Comment Re:I suspect they actually sold a decent number of (Score 1) 88

It's fair to say this was a disaster on total units sold compared to publisher expectations and an even bigger disaster on revenue.

It was definitely neither of those.

For the amount of time and money Gearbox sunk into it they probably were profitable in the hundred thousand units, and given how little time they had it I'm sure publishers were thrilled that they managed to ship a product at all after so many years of a useless money pit.

Comment Re:Wait, there were royalties? (Score 1) 88

I suspect they actually sold a decent number of copies, if nothing else but for people to see what the game turned into. If we're talking about a 2 million dollar lawsuit we're talking in the hundreds of thousands but likely not millions of copies of the game. That would generally be a decent if not great title.

Comment Re:Too large to be useful... (Score 1) 293

Game developers in countries not so encumbered by copyright law will happily look at it the moment they can free from repercussions too.

If you're in china, and make games for the chinese market why do you care what some 'murican game developer has to say? Like every other knock off and counterfeiter in china, they don't care in the slightest.

Comment Re:Three factors of dealing with radiation (Score 3, Interesting) 266

Radioactive decay is the mechanism by which something decays which gives off radiation.

Radiation is all sorts of stuff, from the mundane visible light, to high energy beams of doom, to, unfortunately, electrons flying around (beta radiation) and helium atoms stripped of electrons (alpha radiation), although fortunately the term 'radiation' for alpha and beta particles has mostly fallen out of use.

Any given radiation photon (or alpha particle or beta particle) is indeed short lived in the area, but the radioactivity - the amount of radiation being given off in a unit of time can be constant for quite a long time. Normally we talk about the half life (how long it takes for the amount of radiation given off to drop to 1/2 of its previous level) but half of 'enough to kill you 1000 times over' is still a problem.

Different types of radiation have different effects.

With a nuclear power plant you have a fairly diverse collection of radioactive materials and types of radiation, some of which will be a problem for a few minutes, some for a few thousand years and everything in between (and potentially some things which are going to be a problem for millions). With regards to an american reactor (which I know nothing about) 60 years could very reasonably be long enough for a large portion of the short lived radioactive isotopes to decay into something safe, and the radiation to be either absorbed by the casing or simply be radiated away at a low enough dose that it doesn't matter. And then you have to deal with the stuff that's going to be radioactive for a lot longer. Or maybe not. Who knows, in 60 years someone might actually come up with and implement a plan for what to do with all this nuclear waste we're making that isn't just 'keep in under water on site'.

Comment poppycops (Score 2) 476

This is ridiculous. No one would take a one-time one foot rise in global sea level seriously if it wasn't being construed as a canary in a coal mine with respect to a larger threat.
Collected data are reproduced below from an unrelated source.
lemma compact_open_not_meager:
  fixes S :: "'a::metric_space set"
  assumes "compact S" "openin (top_of_set S) U" "U \<noteq> {}"
  shows "\<not> meager_in (top_of_set S) U"
proof (rule baire_open_not_meager[OF _ assms(2,3)])
  have c: "compact_space (top_of_set S)" using assms(1) by (simp add: compact_space_subtopology)
  have h: "Hausdorff_space (top_of_set S)" by (simp add: Hausdorff_space_subtopology)
  show "locally_compact_space (top_of_set S) \<and> regular_space (top_of_set S)"
    using c h by (simp add: compact_imp_locally_compact_space compact_Hausdorff_imp_regular_space)
qed

lemma second_countable_euclidean:
  "second_countable (euclidean :: 'a::second_countable_topology topology)"
proof -
  obtain B :: "'a set set" where B: "countable B" "topological_basis B"
    using ex_countable_basis by blast
  show ?thesis unfolding second_countable_def
  proof (intro exI[of _ B] conjI ballI allI impI)
    show "countable B" by (rule B(1))
    show "openin euclidean V" if "V \<in> B" for V using B(2) that topological_basis_open by auto
    fix U :: "'a set" and x :: 'a assume "openin euclidean U \<and> x \<in> U"
    then have "open U" "x \<in> U" by auto
    then show "\<exists>V\<in>B. x \<in> V \<and> V \<subseteq> U"
      by (rule topological_basisE[OF B(2)]) blast
  qed
qed

section \<open>The Kuratowski-Ulam theorem\<close>

lemma continuous_map_pair_const_right:
  assumes "y \<in> topspace Y"
  shows "continuous_map X (prod_topology X Y) (\<lambda>x. (x, y))"
  using continuous_map_const[of X Y y] assms continuous_map_id[unfolded id_def]
  by (intro continuous_map_pairedI) auto

lemma continuous_map_pair_const_left:
  assumes "x \<in> topspace X"
  shows "continuous_map Y (prod_topology X Y) (\<lambda>y. (x, y))"
  using continuous_map_const[of Y X x] assms continuous_map_id[unfolded id_def]
  by (intro continuous_map_pairedI) auto

text \<open>For N nowhere dense in X \<times> Y and V open nonempty in Y, the set of x whose whole
  V-section lies in the closure of N is nowhere dense: it is closed, and an interior point
  would give an open box inside the closure of N.\<close>

lemma nowhere_dense_full_sections:
  assumes N: "nowhere_dense_in (prod_topology X Y) N" and V: "openin Y V" "V \<noteq> {}"
  shows "nowhere_dense_in X {x \<in> topspace X. \<forall>y\<in>V. (x,y) \<in> prod_topology X Y closure_of N}"
    (is "nowhere_dense_in X ?D")
proof -
  let ?P = "prod_topology X Y"
  let ?C = "?P closure_of N"
  let ?K = "(\<lambda>y. {x \<in> topspace X. (x,y) \<in> ?C}) ` V"
  have "closedin X (\<Inter>?K)"
  proof (rule closedin_Inter)
    show "?K \<noteq> {}" using V(2) by simp
    fix S assume "S \<in> ?K"
    then obtain y where y: "y \<in> V" "S = {x \<in> topspace X. (x,y) \<in> ?C}" by auto
    have "continuous_map X ?P (\<lambda>x. (x, y))"
      using y(1) openin_subset[OF V(1)] by (intro continuous_map_pair_const_right) auto
    then show "closedin X S" unfolding y(2) by (rule closedin_continuous_map_preimage) simp
  qed
  moreover have "\<Inter>?K = ?D" using V(2) by auto
  ultimately have clD: "closedin X ?D" by simp
  have "X interior_of ?D = {}"
  proof (rule ccontr)
    let ?O = "X interior_of ?D"
    assume "?O \<noteq> {}"
    then obtain z w where zw: "z \<in> ?O" "w \<in> V" using V(2) by blast
    have "openin ?P (?O \<times> V)" using V(1) by (simp add: openin_prod_Times_iff)
    moreover have "?O \<times> V \<subseteq> ?C"
    proof
      fix p assume "p \<in> ?O \<times> V"
      then obtain a b where p: "p = (a,b)" "a \<in> ?D" "b \<in> V"
        using interior_of_subset[of X ?D] by blast
      then show "p \<in> ?C" by simp
    qed
    ultimately have "?O \<times> V \<subseteq> ?P interior_of ?C" by (rule interior_of_maximal[rotated])
    moreover have "?P interior_of ?C = {}" using N unfolding nowhere_dense_in_def by simp
    ultimately show False using zw by auto
  qed
  moreover have "X closure_of ?D = ?D" using clD by (rule closure_of_closedin)
  ultimately show ?thesis unfolding nowhere_dense_in_def using closedin_subset[OF clD] by simp
qed

lemma nowhere_dense_section:
  assumes N: "nowhere_dense_in (prod_topology X Y) N" and x: "x \<in> topspace X"
    and base: "\<And>U y. openin Y U \<Longrightarrow> y \<in> U \<Longrightarrow> \<exists>V\<in>\<B>. y \<in> V \<and> V \<subseteq> U"
    and no_box: "\<And>V. V \<in> \<B> \<Longrightarrow> V \<noteq> {} \<Longrightarrow>
                   \<not> (\<forall>y\<in>V. y \<in> topspace Y \<and> (x,y) \<in> prod_topology X Y closure_of N)"
  shows "nowhere_dense_in Y {y. (x,y) \<in> N}"
proof -
  let ?P = "prod_topology X Y"
  let ?C = "?P closure_of N"
  let ?S = "{y. (x,y) \<in> N}"
  have NP: "N \<subseteq> topspace ?P" using N unfolding nowhere_dense_in_def by simp
  then have SY: "?S \<subseteq> topspace Y" by auto
  have "closedin Y {y \<in> topspace Y. (x,y) \<in> ?C}"
    using continuous_map_pair_const_left[OF x] by (rule closedin_continuous_map_preimage) simp
  moreover have "?S \<subseteq> {y \<in> topspace Y. (x,y) \<in> ?C}" using SY closure_of_subset[OF NP] by auto
  ultimately have clS: "Y closure_of ?S \<subseteq> {y \<in> topspace Y. (x,y) \<in> ?C}"
    by (rule closure_of_minimal[rotated])
  have "Y interior_of (Y closure_of ?S) = {}"
  proof (rule ccontr)
    assume "Y interior_of (Y closure_of ?S) \<noteq> {}"
    then obtain w where w: "w \<in> Y interior_of (Y closure_of ?S)" by blast
    then obtain V where V: "V \<in> \<B>" "w \<in> V" "V \<subseteq> Y interior_of (Y closure_of ?S)"
      using base[of "Y interior_of (Y closure_of ?S)"] by auto
    then have "V \<subseteq> {y \<in> topspace Y. (x,y) \<in> ?C}"
      using interior_of_subset[of Y "Y closure_of ?S"] clS by blast
    then show False using no_box[OF V(1)] V(2) by blast
  qed
  then show ?thesis unfolding nowhere_dense_in_def using SY by simp
qed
They would just accept the city being built with insufficient surge margin as one of a thousand things done differently one hundred years ago.

Nor would people rush to conclude that a one-time one foot rise in sea level was a high price to pay with what humanity has achieved in the last one hundred years.
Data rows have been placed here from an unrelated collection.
lemma leibniz_det_term_transpose_compose:
  fixes g :: "'a \<Rightarrow> 'a \<Rightarrow> 'b::comm_ring_1"
  assumes fin: "finite S" and s: "s \<in> S" and q: "q permutes (S - {s})" and k: "k \<in> S - {s}"
  shows "of_int (sign (transpose s (q k) \<circ> q)) * (\<Prod>i\<in>S. g i ((transpose s (q k) \<circ> q) i))
       = - of_int (sign q) * (g s (q k) * g k s * (\<Prod>i\<in>S - {s} - {k}. g i (q i)))"
proof -
  let ?p = "transpose s (q k) \<circ> q"
  have qs: "q s = s" using permutes_not_in[OF q] by simp
  have qk: "q k \<in> S - {s}" using permutes_in_image[OF q] k by simp
  have "permutation q" using q fin by (auto simp: permutation_permutes)
  moreover have "s \<noteq> q k" using qk by auto
  ultimately have sign: "sign ?p = - sign q"
    by (simp add: sign_compose[OF permutation_swap_id] sign_swap_id)
  have rest: "?p i = q i" if "i \<in> S - {s} - {k}" for i
  proof -
    have "q i \<noteq> q k" using permutes_inj[OF q] that by (auto dest: injD)
    moreover have "q i \<noteq> s" using permutes_in_image[OF q, of i] that by auto
    ultimately show ?thesis by (simp add: transpose_def)
  qed
  have "(\<Prod>i\<in>S. g i (?p i)) = g s (?p s) * (g k (?p k) * (\<Prod>i\<in>S - {s} - {k}. g i (?p i)))"
    using fin s k by (simp add: prod.remove[of S s] prod.remove[of "S - {s}" k])
  also have "(\<Prod>i\<in>S - {s} - {k}. g i (?p i)) = (\<Prod>i\<in>S - {s} - {k}. g i (q i))"
    using rest by simp
  finally show ?thesis using sign qs by (simp add: mult.assoc)
qed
Building too close to unpredictable water is an ageless human tradition.

I think it's poppycock to tie an amorphous process such as global warming to any specific counterfactual. There are many environmental carcinogens where we know it doubles the base rate, but we can't point to any one specific person and say "you died because of this".

It's unscientific in attitutude to dupe the public into thinking that science operates in these terms. One does not need a concrete case of cause and effect in order for a process to have real effects. Even if the sea level had declined by a foot, some storm somewhere would have been worse. I've never had much appetite for scientists drawn into PR.